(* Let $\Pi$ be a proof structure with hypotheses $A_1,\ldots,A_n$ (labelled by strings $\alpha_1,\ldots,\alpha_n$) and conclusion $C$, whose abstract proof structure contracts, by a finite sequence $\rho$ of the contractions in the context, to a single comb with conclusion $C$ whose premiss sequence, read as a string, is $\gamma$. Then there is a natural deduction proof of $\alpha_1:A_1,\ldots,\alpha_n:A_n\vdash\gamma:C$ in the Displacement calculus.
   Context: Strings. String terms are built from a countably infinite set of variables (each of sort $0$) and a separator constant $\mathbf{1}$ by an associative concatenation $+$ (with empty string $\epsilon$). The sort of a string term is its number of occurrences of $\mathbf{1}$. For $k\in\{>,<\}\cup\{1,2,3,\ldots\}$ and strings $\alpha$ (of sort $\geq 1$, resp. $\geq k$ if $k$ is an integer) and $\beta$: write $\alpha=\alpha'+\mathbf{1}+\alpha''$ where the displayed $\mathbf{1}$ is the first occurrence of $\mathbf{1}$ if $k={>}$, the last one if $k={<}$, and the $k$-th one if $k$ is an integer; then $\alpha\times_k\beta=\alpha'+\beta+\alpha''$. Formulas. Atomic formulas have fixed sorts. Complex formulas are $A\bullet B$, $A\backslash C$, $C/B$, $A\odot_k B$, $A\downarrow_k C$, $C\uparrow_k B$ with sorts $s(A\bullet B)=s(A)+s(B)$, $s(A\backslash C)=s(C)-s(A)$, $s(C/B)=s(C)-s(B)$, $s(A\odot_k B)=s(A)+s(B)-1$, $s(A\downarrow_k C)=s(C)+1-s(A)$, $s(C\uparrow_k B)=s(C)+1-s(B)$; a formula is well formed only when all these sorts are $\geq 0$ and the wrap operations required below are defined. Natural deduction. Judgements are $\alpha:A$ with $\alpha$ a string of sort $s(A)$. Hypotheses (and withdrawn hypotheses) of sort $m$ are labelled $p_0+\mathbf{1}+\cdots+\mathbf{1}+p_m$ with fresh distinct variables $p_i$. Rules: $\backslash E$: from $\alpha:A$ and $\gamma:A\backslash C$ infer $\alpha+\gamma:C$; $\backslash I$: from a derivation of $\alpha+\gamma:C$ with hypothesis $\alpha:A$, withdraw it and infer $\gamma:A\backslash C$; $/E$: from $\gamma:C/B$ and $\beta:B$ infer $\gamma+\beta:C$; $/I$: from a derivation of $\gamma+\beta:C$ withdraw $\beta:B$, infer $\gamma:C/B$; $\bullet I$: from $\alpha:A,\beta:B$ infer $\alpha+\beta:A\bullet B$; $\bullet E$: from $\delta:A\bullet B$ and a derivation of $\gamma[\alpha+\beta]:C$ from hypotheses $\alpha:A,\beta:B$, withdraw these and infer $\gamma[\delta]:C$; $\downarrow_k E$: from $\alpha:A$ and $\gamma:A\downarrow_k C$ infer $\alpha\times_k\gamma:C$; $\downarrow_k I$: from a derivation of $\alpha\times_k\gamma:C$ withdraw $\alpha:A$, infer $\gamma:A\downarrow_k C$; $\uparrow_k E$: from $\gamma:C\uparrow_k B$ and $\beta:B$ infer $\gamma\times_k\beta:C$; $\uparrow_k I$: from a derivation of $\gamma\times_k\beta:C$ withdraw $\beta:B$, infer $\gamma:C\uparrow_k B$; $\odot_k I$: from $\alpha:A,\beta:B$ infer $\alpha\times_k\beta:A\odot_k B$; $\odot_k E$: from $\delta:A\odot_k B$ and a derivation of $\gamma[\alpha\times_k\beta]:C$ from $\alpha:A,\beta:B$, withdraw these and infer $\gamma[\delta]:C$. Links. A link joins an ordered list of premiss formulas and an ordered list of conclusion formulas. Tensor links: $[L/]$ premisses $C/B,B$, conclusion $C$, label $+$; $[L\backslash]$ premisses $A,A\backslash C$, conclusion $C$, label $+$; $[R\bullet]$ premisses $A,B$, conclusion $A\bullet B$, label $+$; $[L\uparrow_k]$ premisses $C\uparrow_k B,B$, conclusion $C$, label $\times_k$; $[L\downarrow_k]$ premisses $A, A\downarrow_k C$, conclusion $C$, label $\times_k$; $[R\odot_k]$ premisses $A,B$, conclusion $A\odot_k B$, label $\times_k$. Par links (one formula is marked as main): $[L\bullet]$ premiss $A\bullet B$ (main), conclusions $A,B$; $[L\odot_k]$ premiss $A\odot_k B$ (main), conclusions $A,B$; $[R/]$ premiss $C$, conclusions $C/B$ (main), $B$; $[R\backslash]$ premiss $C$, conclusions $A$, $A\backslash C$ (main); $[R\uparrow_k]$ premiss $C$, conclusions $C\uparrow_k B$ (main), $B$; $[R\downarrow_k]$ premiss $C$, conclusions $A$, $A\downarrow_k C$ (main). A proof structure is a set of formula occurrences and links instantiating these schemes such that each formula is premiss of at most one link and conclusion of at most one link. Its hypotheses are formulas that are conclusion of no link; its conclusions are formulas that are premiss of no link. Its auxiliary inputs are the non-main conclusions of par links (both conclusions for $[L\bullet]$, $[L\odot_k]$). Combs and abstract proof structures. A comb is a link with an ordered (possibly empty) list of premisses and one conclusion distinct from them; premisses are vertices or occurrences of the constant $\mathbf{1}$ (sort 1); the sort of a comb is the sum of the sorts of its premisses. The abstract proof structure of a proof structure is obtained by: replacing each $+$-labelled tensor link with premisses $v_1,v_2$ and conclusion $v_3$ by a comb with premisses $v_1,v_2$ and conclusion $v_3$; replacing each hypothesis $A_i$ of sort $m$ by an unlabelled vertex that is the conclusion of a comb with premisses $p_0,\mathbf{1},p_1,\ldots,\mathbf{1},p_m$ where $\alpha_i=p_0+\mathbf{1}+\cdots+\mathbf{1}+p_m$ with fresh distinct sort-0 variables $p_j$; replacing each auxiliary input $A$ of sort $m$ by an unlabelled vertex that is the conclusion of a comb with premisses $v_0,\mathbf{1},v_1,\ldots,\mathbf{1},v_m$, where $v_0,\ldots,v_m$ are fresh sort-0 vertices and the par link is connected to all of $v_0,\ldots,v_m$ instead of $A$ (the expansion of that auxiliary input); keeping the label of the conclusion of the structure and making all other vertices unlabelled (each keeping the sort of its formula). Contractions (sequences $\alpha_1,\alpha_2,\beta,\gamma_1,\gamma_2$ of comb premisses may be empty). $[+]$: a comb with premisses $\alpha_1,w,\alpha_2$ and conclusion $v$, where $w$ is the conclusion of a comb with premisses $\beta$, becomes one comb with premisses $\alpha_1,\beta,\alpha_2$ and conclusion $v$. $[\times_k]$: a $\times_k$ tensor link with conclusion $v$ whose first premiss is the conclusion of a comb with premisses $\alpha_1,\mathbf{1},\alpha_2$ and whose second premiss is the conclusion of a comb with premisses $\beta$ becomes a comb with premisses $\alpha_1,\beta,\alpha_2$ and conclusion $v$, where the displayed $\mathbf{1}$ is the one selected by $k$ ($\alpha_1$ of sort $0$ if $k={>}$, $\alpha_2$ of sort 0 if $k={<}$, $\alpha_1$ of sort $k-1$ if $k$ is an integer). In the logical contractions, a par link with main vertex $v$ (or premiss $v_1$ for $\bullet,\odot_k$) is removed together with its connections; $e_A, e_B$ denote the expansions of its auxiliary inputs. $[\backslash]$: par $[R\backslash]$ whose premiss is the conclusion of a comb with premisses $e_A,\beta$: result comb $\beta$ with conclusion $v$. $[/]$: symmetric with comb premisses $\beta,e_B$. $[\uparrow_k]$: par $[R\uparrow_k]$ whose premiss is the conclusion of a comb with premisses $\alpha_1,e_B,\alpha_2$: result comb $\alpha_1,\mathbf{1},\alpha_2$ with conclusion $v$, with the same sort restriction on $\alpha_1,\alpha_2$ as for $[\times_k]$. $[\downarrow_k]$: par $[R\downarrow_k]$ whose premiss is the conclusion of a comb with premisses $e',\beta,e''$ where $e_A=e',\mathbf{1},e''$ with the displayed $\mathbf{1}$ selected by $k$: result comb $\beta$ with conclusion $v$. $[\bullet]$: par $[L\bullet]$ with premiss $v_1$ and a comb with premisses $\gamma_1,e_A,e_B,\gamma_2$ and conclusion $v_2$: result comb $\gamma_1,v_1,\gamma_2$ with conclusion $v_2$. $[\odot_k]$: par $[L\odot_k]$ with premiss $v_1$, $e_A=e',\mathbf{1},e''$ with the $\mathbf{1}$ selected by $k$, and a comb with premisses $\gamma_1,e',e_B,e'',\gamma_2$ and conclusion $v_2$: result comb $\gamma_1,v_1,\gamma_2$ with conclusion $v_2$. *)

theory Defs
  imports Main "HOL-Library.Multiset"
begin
# # # #
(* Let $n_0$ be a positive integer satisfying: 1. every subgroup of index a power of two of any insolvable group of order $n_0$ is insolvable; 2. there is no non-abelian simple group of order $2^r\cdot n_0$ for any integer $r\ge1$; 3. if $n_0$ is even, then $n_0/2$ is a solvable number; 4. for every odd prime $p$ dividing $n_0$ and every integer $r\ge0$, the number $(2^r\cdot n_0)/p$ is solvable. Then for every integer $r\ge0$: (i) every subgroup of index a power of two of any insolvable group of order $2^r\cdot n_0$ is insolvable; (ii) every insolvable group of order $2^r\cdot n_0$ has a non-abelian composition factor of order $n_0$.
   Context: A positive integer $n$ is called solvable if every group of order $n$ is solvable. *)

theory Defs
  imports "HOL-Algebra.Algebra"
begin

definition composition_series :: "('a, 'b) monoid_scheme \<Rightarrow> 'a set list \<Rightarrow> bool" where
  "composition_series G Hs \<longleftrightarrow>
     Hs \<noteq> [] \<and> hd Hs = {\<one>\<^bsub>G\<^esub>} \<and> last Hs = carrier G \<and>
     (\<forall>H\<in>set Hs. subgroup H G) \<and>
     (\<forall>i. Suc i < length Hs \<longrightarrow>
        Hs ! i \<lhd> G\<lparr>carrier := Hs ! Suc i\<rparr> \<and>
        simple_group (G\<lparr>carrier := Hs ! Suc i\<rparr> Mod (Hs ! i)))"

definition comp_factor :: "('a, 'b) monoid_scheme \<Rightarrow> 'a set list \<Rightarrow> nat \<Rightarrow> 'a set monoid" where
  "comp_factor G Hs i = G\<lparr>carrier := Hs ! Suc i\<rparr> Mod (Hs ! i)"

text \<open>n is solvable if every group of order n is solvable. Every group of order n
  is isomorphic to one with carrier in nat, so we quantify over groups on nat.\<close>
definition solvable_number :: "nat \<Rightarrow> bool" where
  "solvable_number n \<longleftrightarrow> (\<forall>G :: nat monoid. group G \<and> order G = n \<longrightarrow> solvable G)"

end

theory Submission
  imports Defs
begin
# # # #
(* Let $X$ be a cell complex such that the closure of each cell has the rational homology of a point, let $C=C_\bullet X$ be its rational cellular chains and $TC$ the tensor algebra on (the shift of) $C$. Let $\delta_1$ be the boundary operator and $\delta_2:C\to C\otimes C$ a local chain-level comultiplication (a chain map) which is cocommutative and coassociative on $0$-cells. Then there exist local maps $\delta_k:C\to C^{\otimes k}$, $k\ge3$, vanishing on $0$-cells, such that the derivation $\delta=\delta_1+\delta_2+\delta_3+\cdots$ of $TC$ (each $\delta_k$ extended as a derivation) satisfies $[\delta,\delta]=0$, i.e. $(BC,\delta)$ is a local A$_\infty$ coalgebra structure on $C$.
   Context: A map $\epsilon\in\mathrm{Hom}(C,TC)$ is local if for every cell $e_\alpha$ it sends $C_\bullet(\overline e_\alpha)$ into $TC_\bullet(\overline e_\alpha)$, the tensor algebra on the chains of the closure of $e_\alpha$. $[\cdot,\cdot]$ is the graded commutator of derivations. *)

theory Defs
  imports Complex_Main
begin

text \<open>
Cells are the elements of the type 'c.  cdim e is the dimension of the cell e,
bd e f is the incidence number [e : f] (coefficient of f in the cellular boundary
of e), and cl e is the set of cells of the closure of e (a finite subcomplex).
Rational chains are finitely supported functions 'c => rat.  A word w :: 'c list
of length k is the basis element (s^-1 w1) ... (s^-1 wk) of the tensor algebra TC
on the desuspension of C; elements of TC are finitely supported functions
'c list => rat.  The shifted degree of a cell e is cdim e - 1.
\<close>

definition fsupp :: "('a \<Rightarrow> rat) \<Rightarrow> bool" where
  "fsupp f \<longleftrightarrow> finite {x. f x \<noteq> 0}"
# # # #
* _Exercise directions_
Extract all lines from the data in which "longleftrightarrow" is found.

* _Exercise solution_
  "composition_series G Hs \<longleftrightarrow>
  "solvable_number n \<longleftrightarrow> (\<forall>G :: nat monoid. group G \<and> order G = n \<longrightarrow> solvable G)"
  "fsupp f \<longleftrightarrow> finite {x. f x \<noteq> 0}"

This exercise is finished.